══ Records provided ══
lemma line_in_simplex_iff: "unif + r *\<^sub>R dir \<in> prob_simplex \<longleftrightarrow> - \<sigma> \<le> r \<and> r \<le> \<tau>"
proof -
  have "unif + r *\<^sub>R dir \<in> prob_simplex \<longleftrightarrow> (\<forall>k. 0 \<le> 1 / real CARD('n) + r * dir $ k)"
    using sum_dir by (subst unif_add_in_prob_simplex_iff) (simp_all add: sum_distrib_left[symmetric])
  also have "\<dots> \<longleftrightarrow> - \<sigma> \<le> r \<and> r \<le> \<tau>"
  proof
    assume nonneg: "\<forall>k. 0 \<le> 1 / real CARD('n) + r * dir $ k"
    obtain i j where "dir $ i = \<alpha>" "dir $ j = - \<beta>"
      using alpha_attained beta_attained by blast
    then have "- \<sigma> * \<alpha> \<le> r * \<alpha>" and "r * \<beta> \<le> \<tau> * \<beta>"
      using nonneg[rule_format, of i] nonneg[rule_format, of j] sigma_alpha tau_beta by auto
    then show "- \<sigma> \<le> r \<and> r \<le> \<tau>"
      using alpha_pos beta_pos mult_right_le_imp_le by blast
  qed (use line_coord_nonneg in blast)
  finally show ?thesis .
qed

lemma one_le_tau: "1 \<le> \<tau>"
  using p_in_simplex line_in_simplex_iff[of 1] by (simp add: unif_plus_dir)

lemma chord_a_in_simplex: "chord_a \<in> prob_simplex"
  and chord_b_in_simplex: "chord_b \<in> prob_simplex"
  using line_in_simplex_iff[of "- \<sigma>"] line_in_simplex_iff[of \<tau>] sigma_pos tau_pos
  unfolding chord_a_def chord_b_def by simp_all

lemma mem_segment_on_line:
  assumes "{unif, p} \<subseteq> closed_segment c d" "x \<in> closed_segment c d"
  shows "\<exists>r. x = unif + r *\<^sub>R dir"
  using assms dir_nonzero by (intro closed_segment_on_line[of unif c d dir x]) (auto simp: dir_def)

lemma line_mem_segment_iff:
  "unif + r *\<^sub>R dir \<in> closed_segment (unif + r0 *\<^sub>R dir) (unif + r1 *\<^sub>R dir) \<longleftrightarrow>
    r \<in> closed_segment r0 r1"
  using dir_nonzero by (rule line_in_closed_segment_iff)

lemma norm_chord: "norm (chord_a - chord_b) = (\<sigma> + \<tau>) * norm dir"
  unfolding chord_a_def chord_b_def norm_line_diff using sigma_pos tau_pos by simp

lemma segment_le_chord:
  assumes "c \<in> prob_simplex" "d \<in> prob_simplex" "{unif, p} \<subseteq> closed_segment c d"
  shows "norm (c - d) \<le> norm (chord_a - chord_b)"
proof -
  obtain rc rd where c: "c = unif + rc *\<^sub>R dir" and d: "d = unif + rd *\<^sub>R dir"
    using mem_segment_on_line[OF assms(3) ends_in_segment(1)]
      mem_segment_on_line[OF assms(3) ends_in_segment(2)] by blast
  have "\<bar>rc - rd\<bar> \<le> \<sigma> + \<tau>"
    using assms(1,2) line_in_simplex_iff by (auto simp: c d)
  then show ?thesis
    unfolding c d norm_line_diff norm_chord by (simp add: mult_right_mono)
qed

lemma max_seg_chord: "max_seg p chord_a chord_b"
proof -
  have "unif \<in> closed_segment chord_a chord_b"
    using line_mem_segment_iff[of 0 "- \<sigma>" \<tau>] sigma_pos tau_pos
    by (simp add: chord_a_def chord_b_def closed_segment_eq_real_ivl)
  moreover have "p \<in> closed_segment chord_a chord_b"
    using line_mem_segment_iff[of 1 "- \<sigma>" \<tau>] sigma_pos one_le_tau
    by (simp add: chord_a_def chord_b_def unif_plus_dir closed_segment_eq_real_ivl)
  moreover have "unif \<in> closed_segment chord_a p"
    using line_mem_segment_iff[of 0 "- \<sigma>" 1] sigma_pos
    by (simp add: chord_a_def unif_plus_dir closed_segment_eq_real_ivl)
  moreover have "p \<in> closed_segment unif chord_b"
    using line_mem_segment_iff[of 1 0 \<tau>] one_le_tau
    by (simp add: chord_b_def unif_plus_dir closed_segment_eq_real_ivl)
  ultimately show ?thesis
    using chord_a_in_simplex chord_b_in_simplex segment_le_chord by (simp add: max_seg_def)
qed

lemma max_seg_imp_chord:
  assumes "max_seg p a b"
  shows "a = chord_a \<and> b = chord_b"
proof -
  have seg: "{unif, p} \<subseteq> closed_segment a b" and "unif \<in> closed_segment a p"
    and "a \<in> prob_simplex" "b \<in> prob_simplex"
    using assms by (simp_all add: max_seg_def)
  obtain ra rb where a: "a = unif + ra *\<^sub>R dir" and b: "b = unif + rb *\<^sub>R dir"
    using mem_segment_on_line[OF seg ends_in_segment(1)]
      mem_segment_on_line[OF seg ends_in_segment(2)] by blast
  have "- \<sigma> \<le> ra" "ra \<le> \<tau>" "- \<sigma> \<le> rb" "rb \<le> \<tau>"
    using \<open>a \<in> prob_simplex\<close> \<open>b \<in> prob_simplex\<close> line_in_simplex_iff by (simp_all add: a b)
  moreover have "ra \<le> 0"
    using \<open>unif \<in> closed_segment a p\<close> line_mem_segment_iff[of 0 ra 1]
    by (simp add: a unif_plus_dir closed_segment_eq_real_ivl split: if_splits)
  moreover have "\<sigma> + \<tau> \<le> \<bar>ra - rb\<bar>"
  proof -
    have "norm (chord_a - chord_b) \<le> norm (a - b)"
      using assms chord_a_in_simplex chord_b_in_simplex max_seg_chord
      by (simp add: max_seg_def)
    then show ?thesis
      unfolding a b norm_line_diff norm_chord using dir_nonzero by simp
  qed
  ultimately have "ra = - \<sigma>" "rb = \<tau>"
    using tau_pos by linarith+
  then show ?thesis
    by (simp add: a b chord_a_def chord_b_def)
qed

lemma max_seg_iff: "max_seg p a b \<longleftrightarrow> a = chord_a \<and> b = chord_b"
  using max_seg_chord max_seg_imp_chord by blast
═══
Your task —
Reproduce every line of the entries above, unchanged, from the very first one down to and including the line containing "using sum_dir by".

Task output —
lemma line_in_simplex_iff: "unif + r *\<^sub>R dir \<in> prob_simplex \<longleftrightarrow> - \<sigma> \<le> r \<and> r \<le> \<tau>"
proof -
  have "unif + r *\<^sub>R dir \<in> prob_simplex \<longleftrightarrow> (\<forall>k. 0 \<le> 1 / real CARD('n) + r * dir $ k)"
    using sum_dir by (subst unif_add_in_prob_simplex_iff) (simp_all add: sum_distrib_left[symmetric])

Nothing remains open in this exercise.